Appendectomy was performed in 172 cases (64%), and in 10 cases (4%), pathologic evaluation of the removed appendix revealed metastases from ovarian cancer. Three of the cases were macroscopically normal, and metastases were discovered only during microscopic evaluation. Patients with metastatic disease to the appendix had significantly worse 5-year survival (22%) compared with patients without metastases (73%) (χ2 = 31.998, P < 0.0001). Equally, 5-year survival was significantly higher in patients who had been adequately staged with hysterectomy, omentectomy, bilateral salpingo-oophorectomy, and appendectomy (74% vs 52%, χ2 = 7.322, P = 0.007). In multivariate analysis, increase in revised 2013 International Federation of Gynecology and Obstetrics classification stage (IA reference) was significantly associated with worsened prognosis (hazard ratio, 1.13; P < 0.0001).
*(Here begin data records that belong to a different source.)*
theorem proposition4:
  fixes a :: "'m::finite \<Rightarrow> 'n::{finite,linorder} \<Rightarrow> real"
    and b :: "'m \<Rightarrow> real"
    and Js :: "'m \<Rightarrow> 'n set"
    and al :: "'m \<Rightarrow> 'n \<Rightarrow> real"
    and xh :: "'n \<Rightarrow> real"
    and \<Omega> :: "(real^'m) set"
  assumes al_nonneg: "\<And>i j. j \<in> Js i \<Longrightarrow> al i j \<ge> 0"
    and \<Omega>_convex: "convex \<Omega>"
    and standing: "\<And>i. i \<in> Ihat a b Js al xh \<Longrightarrow>
        \<forall>G \<in> {0 .. real (card (Js i))}.
          (slack a b xh i = Pfun al Js i G xh \<longleftrightarrow> G = Gam_low a b Js al xh i)"
  shows "RLO_CCU_DG_feasible a b Js al xh \<Omega> \<longleftrightarrow>
           (\<forall>i. (\<Sum>j\<in>UNIV. a i j * xh j) \<ge> b i) \<and> Theta a b Js al xh \<inter> \<Omega> \<noteq> {}"
proof -
  have row: "0 \<le> G $ i \<and> G $ i \<le> real (card (Js i)) \<and> Pfun al Js i (G $ i) xh \<le> slack a b xh i
      \<longleftrightarrow> 0 \<le> slack a b xh i \<and> 0 \<le> G $ i \<and> G $ i \<le> real (card (Js i))
          \<and> (i \<in> Ihat a b Js al xh \<longrightarrow> G $ i \<le> Gam_low a b Js al xh i)" for G i
    using Pfun_le_slack_iff[of Js i al a b xh "G $ i"] al_nonneg standing by blast
  have "RLO_CCU_DG_feasible a b Js al xh \<Omega> \<longleftrightarrow>
      (\<exists>G\<in>\<Omega>. \<forall>i. 0 \<le> G $ i \<and> G $ i \<le> real (card (Js i))
         \<and> Pfun al Js i (G $ i) xh \<le> slack a b xh i)"
    using al_nonneg by (rule RLO_CCU_DG_feasible_iff)
  also have "\<dots> \<longleftrightarrow> (\<exists>G\<in>\<Omega>. (\<forall>i. 0 \<le> slack a b xh i) \<and> G \<in> Theta a b Js al xh)"
    unfolding row mem_Theta_iff by blast
  also have "\<dots> \<longleftrightarrow> (\<forall>i. (\<Sum>j\<in>UNIV. a i j * xh j) \<ge> b i) \<and> Theta a b Js al xh \<inter> \<Omega> \<noteq> {}"
    unfolding slack_def by auto
  finally show ?thesis .
qed

end
text \<open>Either side may carry the sign pattern S: once the patterns agree layer by layer,
  so do the pre-activations.\<close>
lemma preacts_eq_pattern_pres:
  assumes "S = map (map sgn) (map (aff_eval x) G # preacts_from Hs (map (aff_eval x) G))
         \<or> S = map (map sgn) (map (map (aff_eval x)) (pattern_pres Hs S G))"
  shows "map (aff_eval x) G # preacts_from Hs (map (aff_eval x) G)
       = map (map (aff_eval x)) (pattern_pres Hs S G)"
  using assms
proof (induction Hs arbitrary: G S)
  case (Cons H Hs)
  define G' where "G' = map (\<lambda>wc. neuron_comp wc (relu_mask (hd S) G)) H"
  have hd: "hd S = map sgn (map (aff_eval x) G)" using Cons.prems by (cases S) auto
  have "apply_layer H (map relu (map (aff_eval x) G)) = map (aff_eval x) G'"
    unfolding G'_def using map_relu_aff_eval[OF hd[symmetric]] by (simp add: apply_layer_aff_eval)
  then have pre: "preacts_from (H # Hs) (map (aff_eval x) G)
                = map (aff_eval x) G' # preacts_from Hs (map (aff_eval x) G')"
    by (simp add: Let_def)
  have "map (aff_eval x) G' # preacts_from Hs (map (aff_eval x) G')
      = map (map (aff_eval x)) (pattern_pres Hs (tl S) G')"
  proof (rule Cons.IH)
    from Cons.prems show "tl S = map (map sgn) (map (aff_eval x) G' # preacts_from Hs (map (aff_eval x) G'))
      \<or> tl S = map (map sgn) (map (map (aff_eval x)) (pattern_pres Hs (tl S) G'))"
    proof
      assume "S = map (map sgn) (map (aff_eval x) G # preacts_from (H # Hs) (map (aff_eval x) G))"
      then show ?thesis unfolding pre by simp
    next
      assume "S = map (map sgn) (map (map (aff_eval x)) (pattern_pres (H # Hs) S G))"
      then have "tl S = tl (map (map sgn) (map (map (aff_eval x)) (pattern_pres (H # Hs) S G)))"
        by (rule arg_cong)
      then show ?thesis by (simp add: G'_def)
    qed
  qed
  then show ?case by (simp only: pre pattern_pres.simps list.map flip: G'_def)
qed simp

lemma sgn_segment:
  fixes a b t :: real
  assumes "sgn a = sgn b" "0 \<le> t" "t \<le> 1"
  shows "sgn ((1 - t) * a + t * b) = sgn a"
proof (cases a "0::real" rule: linorder_cases)
  case less
  with assms have "b < 0" by (simp add: sgn_if split: if_splits)
  have "(1 - t) * a < 0 \<or> t * b < 0" using less \<open>b < 0\<close> assms
    by (cases "t = 1") (auto simp: mult_pos_neg)
  moreover have "(1 - t) * a \<le> 0" "t * b \<le> 0" using less \<open>b < 0\<close> assms
    by (auto simp: mult_nonneg_nonpos)
  ultimately show ?thesis using less by (auto simp: sgn_if)
next
  case equal
  with assms show ?thesis by (simp add: sgn_if split: if_splits)
next
  case greater
  with assms have "0 < b" by (simp add: sgn_if split: if_splits)
  have "0 < (1 - t) * a \<or> 0 < t * b" using greater \<open>0 < b\<close> assms by (cases "t = 1") auto
  moreover have "0 \<le> (1 - t) * a" "0 \<le> t * b" using greater \<open>0 < b\<close> assms by auto
  ultimately show ?thesis using greater by (auto simp: sgn_if)
qed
Equally, each stepwise increase in performance status score was related to a poorer prognosis with hazard ratio of 1.63 (P < 0.0001). Metastases to the appendix and staging did not remain significant factors of survival in multivariate analysis.

Conclusions

Univariate analysis suggests that metastatic disease to the appendix and failure to perform complete staging including appendectomy are related to a worsened prognosis. A normal-looking appendix does not exclude metastatic disease, and because appendectomy is easily performed and does not increase morbidity, it should be performed during surgery for suspected mucinous ovarian cancer.